Citation VS In-text citation

Some of you still have the problem of using incorrect in-text citations, and some of you still don’t have any ideas about it. This post will help you distinguish the difference between citations in Works Cited page and in-text citations.

Why do we need citations?

Usually, your ideas are not originally from you. They might be someone’s ideas. Thus, in order to avoid plagiarism, you have to cite everything that is not popular/common knowledge or from other people, not you. Particularly, in research essays, we do a lot of research to find the information to support the ideas, so citations are really important. They will help your essays more credible.

Citations in Works Cited list:

  • They are sources that you find the information (data, statistics, facts, names of people, quotations, etc.) you use to support your ideas in your essay.
  • They can be online articles, books, magazines, or videos. Thus, they have different format/rules of citations. Check this link to have the appropriate forms for each type of source: (It’s on Blackboard. You can find it in the Research Essay folder) or you can google it to have the latest update of MLA format for citations. You also have the handouts from Professor Aagard about Works Cited list; take advantage of them!
  • They are FULL citations, no short forms.
  • Example: Gaitskill, Mary. Interview with Charles Bock. Mississippi Review, vol. 27, no. 3, 1999, pp. 129-50.

In-text citations:

  • Purpose: to let readers easily know where the information comes from and what the original source is.
  • In-text citations are in short form, not too long so that they won’t confuse the readers. Thus, they MUST be SHORT and put in parentheses ()
  • For example, let’s suppose that you are using some information from this source: “Mimic and Moralist” of Kingsley Amis. Therefore, your citation in Works Cited page will be like this: Gleick, James. Chaos: Making a New Science. Penguin, 1987. HOWEVER, the in-text citation is not like this. It must be shortened. Thus, it will be like this: abc abc abc abc abc abc (Gleick). The short one in the parentheses is called in-text citation.
  • Many common rules/formats for in-text citations:
    • If your source is a book:
      • One author: In-text citation is the LAST NAME of the author.
      • Two authors: In-text citation is the two LAST NAMES of the authors.
      • More than two authors: In-text citation is the LAST NAME of the FIRST author plus “et al.” For example: (Gleick et al.); it means the book was writen by Gleick and some more other people.
    • If your source is an online article:
      • If there’s author’s name: Use the same rule as book – using the LAST NAME of the author.
      • If there’s no author’s name: In-text citation is the first TWO WORDS of the article (sometimes it can be one word). Remember in-text citation must be short, so please don’t put too many words in the in-text citations. The FIRST TWO WORDS are enough.
      • For example: The citation is “10 Tips on Writing the Living Web.” A List Apart: For People Who Make Websites, 16 Aug. 2002, Accessed 4 May 2009. For this one, the in-text citation will be (“10 Tips”). NOTE: If you put the words from the article in in-text citation, these words must be in quotation marks, and the whole phrase is inside the parentheses like this: (“10 Tips”).

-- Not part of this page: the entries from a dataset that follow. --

(* Suppose $s>1/2$ and $g\in H^s(\mathbb U)$. Then there exists a constant $C_s>0$ such that for all $N,M\ge1$, $$\|\mathcal I_N\mathcal M(g)\mathcal C^+-\mathcal I_N\mathcal M(\mathcal P_Mg)\mathcal C^+\|_s\le C_s\|g-\mathcal P_Mg\|_s,\qquad\|\mathcal P_N\mathcal M(g)\mathcal C^+-\mathcal P_N\mathcal M(\mathcal P_Mg)\mathcal C^+\|_s\le C_s\|g-\mathcal P_Mg\|_s.$$
   Context: $\mathbb U=\{|z|=1\}$. For $u\in L^2(\mathbb U)$, $u(z)=\sum_ju_jz^j$; $H^s(\mathbb U)$ has norm $\|u\|_s^2=c_{|s|}\sum_j|u_j|^2\max\{1,|j|\}^{2s}$ with fixed constants $c_{|s|}>0$ chosen so that $\|uv\|_s\le\|u\|_s\|v\|_s$ for $s>1/2$; $\|\cdot\|_s$ also denotes the operator norm on $H^s(\mathbb U)$. $\mathcal M(g)u=gu$. $\mathcal C^+u=\sum_{j\ge0}u_jz^j$ (boundary value from inside of the Cauchy integral). For $N\ge1$, $N_-=\lfloor N/2\rfloor$, $N_+=\lfloor(N-1)/2\rfloor$, $\mathcal P_Nu=\sum_{j=-N_-}^{N_+}u_jz^j$, and $\mathcal I_Nu=\sum_{j=-N_-}^{N_+}\check u_jz^j$ is the trigonometric interpolant at the nodes $e^{2\pi i(\ell-1)/N}$, $\ell=1,\dots,N$, i.e. $\check u_j=\sum_{p\in\mathbb Z}u_{pN+j}$. *)

theory Defs
  imports "HOL-Analysis.Analysis"
begin

text \<open>Functions on the unit circle are represented by their Fourier coefficient
  sequences: u(z) = sum_j u_j z^j corresponds to u :: int => complex.\<close>

type_synonym fcoeff = "int \<Rightarrow> complex"

definition sob_weight :: "real \<Rightarrow> int \<Rightarrow> real" where
  "sob_weight s j = (max 1 (real_of_int \<bar>j\<bar>)) powr (2 * s)"

definition in_Hs :: "real \<Rightarrow> fcoeff \<Rightarrow> bool" where
  "in_Hs s u \<longleftrightarrow> (\<lambda>j. (norm (u j))\<^sup>2 * sob_weight s j) summable_on UNIV"

text \<open>The H^s norm, with the normalising constants c(|s|) given as a parameter c.\<close>
definition Hnorm :: "(real \<Rightarrow> real) \<Rightarrow> real \<Rightarrow> fcoeff \<Rightarrow> real" where
  "Hnorm c s u = sqrt (c \<bar>s\<bar> * (\<Sum>\<^sub>\<infinity>j. (norm (u j))\<^sup>2 * sob_weight s j))"

text \<open>Multiplication operator M(g): pointwise product of functions, i.e.
  convolution of Fourier coefficients.\<close>
definition mult_op :: "fcoeff \<Rightarrow> fcoeff \<Rightarrow> fcoeff" where
  "mult_op g u = (\<lambda>j. \<Sum>\<^sub>\<infinity>k. g k * u (j - k))"

definition Cplus :: "fcoeff \<Rightarrow> fcoeff" where
  "Cplus u = (\<lambda>j. if 0 \<le> j then u j else 0)"

definition Nminus :: "nat \<Rightarrow> int" where
  "Nminus N = int N div 2"

definition Nplus :: "nat \<Rightarrow> int" where
  "Nplus N = (int N - 1) div 2"

definition PN :: "nat \<Rightarrow> fcoeff \<Rightarrow> fcoeff" where
  "PN N u = (\<lambda>j. if - Nminus N \<le> j \<and> j \<le> Nplus N then u j else 0)"

text \<open>Trigonometric interpolant I_N, with aliased coefficients
  check-u_j = sum_p u_{pN+j}.\<close>
definition IN :: "nat \<Rightarrow> fcoeff \<Rightarrow> fcoeff" where
  "IN N u = (\<lambda>j. if - Nminus N \<le> j \<and> j \<le> Nplus N
                  then (\<Sum>\<^sub>\<infinity>p::int. u (p * int N + j)) else 0)"

end

theory Submission
  imports Defs
begin

(* Both differences are linear in g: they are I_N M(h) C^+ u and P_N M(h) C^+ u with
   h = g - P_M g.  C^+ and P_N only delete Fourier coefficients, and the algebra property
   gives ||M(h) C^+ u||_s <= ||h||_s ||u||_s, so what remains is that I_N is bounded on H^s
   uniformly in N.  Writing <x> = max 1 |x|, for |j| <= N/2 one has <p> <j> <= 2 <pN + j>;
   Cauchy-Schwarz on the aliased coefficient then gives
     |check-u_j|^2 <j>^(2s) <= 4^s (sum_p <p>^(-2s)) sum_p |u_(pN+j)|^2 <pN+j>^(2s),
   the constant being finite because s > 1/2, and the residue classes pN + j of the N
   frequencies j are disjoint.

   The algebra hypothesis only bounds norms of products already known to lie in H^s.
   Membership of M(h) w is obtained by truncating both factors with P_K, which makes the
   product finitely supported, and passing to the pointwise limit, under which the H^s norm
   is lower semicontinuous. *)

definition sob_sum :: "real \<Rightarrow> fcoeff \<Rightarrow> real" where
  "sob_sum s u = (\<Sum>\<^sub>\<infinity>j. (norm (u j))\<^sup>2 * sob_weight s j)"

definition freq_band :: "nat \<Rightarrow> int set" where
  "freq_band N = {- Nminus N .. Nplus N}"

lemma sob_weight_pos [simp]: "sob_weight s j > 0"
  unfolding sob_weight_def by simp

lemma sob_weight_nonneg [simp]: "sob_weight s j \<ge> 0"
  using sob_weight_pos[of s j] by linarith

lemma sob_weight_ge_1: "s \<ge> 0 \<Longrightarrow> sob_weight s j \<ge> 1"
  unfolding sob_weight_def by (intro ge_one_powr_ge_zero) auto

lemma sob_weight_inverse_summable:
  assumes "s > 1/2"
  shows "(\<lambda>j. 1 / sob_weight s j) summable_on UNIV"
proof -
  define f where "f j = 1 / sob_weight s j" for j :: int
  have "summable (\<lambda>n::nat. real n powr (- 2 * s))"
    using assms by (simp add: summable_real_powr_iff)
  moreover have "\<forall>\<^sub>F n in sequentially. f (int n) = real n powr (- 2 * s)"
    using eventually_ge_at_top[of "1::nat"]
    by eventually_elim (simp add: f_def sob_weight_def powr_minus_divide)
  ultimately have "summable (\<lambda>n. f (int n))"
    using summable_cong by fast
  then have pos: "(\<lambda>n. f (int n)) summable_on UNIV" and neg: "(\<lambda>n. f (- int n)) summable_on UNIV"
    by (simp_all add: summable_on_UNIV_nonneg_real_iff f_def sob_weight_def)
  have "f summable_on range int"
    using pos by (subst summable_on_reindex) (simp_all add: o_def)
  moreover have "f summable_on range (\<lambda>n. - int n)"
    using neg by (subst summable_on_reindex) (simp_all add: o_def inj_on_def)
  ultimately have "f summable_on (range int \<union> range (\<lambda>n. - int n))"
    by (rule summable_on_union)
  moreover have "range int \<union> range (\<lambda>n. - int n) = UNIV"
    by (auto intro: int_cases2[of x for x])
  ultimately show ?thesis
    unfolding f_def by simp
qed
lemma shifted_monomial_coeff_eq_0: "j < n \<Longrightarrow> e j < m j \<Longrightarrow> shifted_monomial_coeff n y e m = 0"
  unfolding shifted_monomial_coeff_def by (intro prod_zero) (auto simp: binomial_eq_0 intro!: bexI[of _ j])

lemma shifted_monomial_coeff_permute:
  assumes "\<sigma> permutes {..<n}"
  shows "shifted_monomial_coeff n (y \<circ> \<sigma>) (e \<circ> \<sigma>) (m \<circ> \<sigma>) = shifted_monomial_coeff n y e m"
  unfolding shifted_monomial_coeff_def
  using prod.permute[OF assms, of "\<lambda>j. of_nat (e j choose m j) * y j ^ (e j - m j)"] by (simp add: o_def)

lemma le_on_same_image_imp_eq:
  fixes f g :: "'a \<Rightarrow> 'b::ordered_cancel_comm_monoid_add"
  assumes "finite A" "inj_on f A" "inj_on g A" "f ` A = g ` A" "\<And>x. x \<in> A \<Longrightarrow> f x \<le> g x"
    and "x \<in> A"
  shows "f x = g x"
proof (rule ccontr)
  assume "f x \<noteq> g x"
  then have "sum f A < sum g A"
    using assms by (intro sum_strict_mono_ex1) (auto intro: order.not_eq_order_implies_strict)
  moreover have "sum f A = sum g A"
    using sum.reindex[OF assms(2), of id] sum.reindex[OF assms(3), of id] assms(4) by simp
  ultimately show False by simp
qed

lemma shifted_monomial_coeff_permutation:
  assumes \<pi>: "\<pi> permutes {..<n}" and m: "m \<in> PiE {..<n} (\<lambda>_. {..<n})" "inj_on m {..<n}"
  shows "shifted_monomial_coeff n y \<pi> m = (if restrict \<pi> {..<n} = m then 1 else 0)"
proof (cases "\<forall>j<n. m j \<le> \<pi> j")
  case True
  have "m ` {..<n} = \<pi> ` {..<n}"
    using m \<pi> by (simp add: endo_inj_surj PiE_iff image_subset_iff permutes_image)
  then have "m j = \<pi> j" if "j < n" for j
    using True m \<pi> that by (intro le_on_same_image_imp_eq[of "{..<n}" m \<pi>]) (auto intro: permutes_inj_on)
  then have "restrict \<pi> {..<n} = m" and "shifted_monomial_coeff n y \<pi> m = 1"
    using m by (auto simp: fun_eq_iff PiE_iff extensional_def shifted_monomial_coeff_def)
  then show ?thesis by simp
next
  case False
  then obtain j where "j < n" "\<pi> j < m j" by auto
  then show ?thesis by (auto simp: shifted_monomial_coeff_eq_0)
qed

lemma symmetrized_shifted_monomial_coeff_eq_0:
  fixes c :: "(nat \<Rightarrow> nat) \<Rightarrow> 'a::comm_ring_1"
  assumes sym: "\<And>\<sigma> \<alpha>. \<sigma> permutes {..<n} \<Longrightarrow> c (\<alpha> \<circ> \<sigma>) = c \<alpha>"
    and ab: "a < n" "b < n" "a \<noteq> b" "m a = m b"
  shows "(\<Sum>\<alpha> | c \<alpha> \<noteq> 0. \<Sum>\<pi> | \<pi> permutes {..<n}.
           c \<alpha> * of_int (sign \<pi>) * shifted_monomial_coeff n (of_nat \<circ> \<alpha>) \<pi> m) = 0"
  unfolding sum.cartesian_product
proof (rule sum_involution_eq_0[where h = "\<lambda>(\<alpha>, \<pi>). (\<alpha> \<circ> transpose a b, \<pi> \<circ> transpose a b)"],
    safe)
  let ?t = "transpose a b"
  have t: "?t permutes {..<n}" using ab by (simp add: permutes_swap_id)
  have "m \<circ> ?t = m" using ab by (auto simp: fun_eq_iff transpose_def)
  fix \<alpha> \<pi> assume \<alpha>: "c \<alpha> \<noteq> 0" and \<pi>: "\<pi> permutes {..<n}"
  show "c (\<alpha> \<circ> ?t) = 0 \<Longrightarrow> False" using \<alpha> sym[OF t] by simp
  show "\<pi> \<circ> ?t permutes {..<n}" using permutes_compose[OF t \<pi>] .
  show "\<alpha> \<circ> ?t \<circ> ?t = \<alpha>" "\<pi> \<circ> ?t \<circ> ?t = \<pi>" by (simp_all add: fun_eq_iff)
  show "\<alpha> \<circ> ?t = \<alpha> \<Longrightarrow> \<pi> \<circ> ?t = \<pi> \<Longrightarrow> False"
    using compose_transpose_neq[OF permutes_inj[OF \<pi>] ab(3)] by blast
  have "shifted_monomial_coeff n (of_nat \<circ> (\<alpha> \<circ> ?t)) (\<pi> \<circ> ?t) m
      = shifted_monomial_coeff n ((of_nat \<circ> \<alpha>) \<circ> ?t) (\<pi> \<circ> ?t) (m \<circ> ?t)"
    by (simp add: \<open>m \<circ> ?t = m\<close> o_assoc)
  also have "\<dots> = shifted_monomial_coeff n (of_nat \<circ> \<alpha>) \<pi> m"
    by (rule shifted_monomial_coeff_permute[OF t])
  finally have coeff: "shifted_monomial_coeff n (of_nat \<circ> (\<alpha> \<circ> ?t)) (\<pi> \<circ> ?t) m
      = shifted_monomial_coeff n (of_nat \<circ> \<alpha>) \<pi> m" .
  have sign: "sign (\<pi> \<circ> ?t) = - sign \<pi>"
    using \<pi> ab(3) finite_lessThan by (metis permutation_permutes sign_compose_transpose)
  show "c (\<alpha> \<circ> ?t) * of_int (sign (\<pi> \<circ> ?t)) * shifted_monomial_coeff n (of_nat \<circ> (\<alpha> \<circ> ?t)) (\<pi> \<circ> ?t) m
      + c \<alpha> * of_int (sign \<pi>) * shifted_monomial_coeff n (of_nat \<circ> \<alpha>) \<pi> m = 0"
    unfolding coeff sign sym[OF t] by simp
qed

These are some short reviews about in-text citations and full citations in Works Cited page. You should learn it by heart, or if you forget, remember that you have a lot of helpful resources on Blackboard, on the Internet, in the handouts from the class, on this blog or anywhere else. If some of you realize yourself having the mistake in using citations, please check this post to fix your errors. You only have one last chance to correct and improve your essay before the final draft. Let’s make your essay better!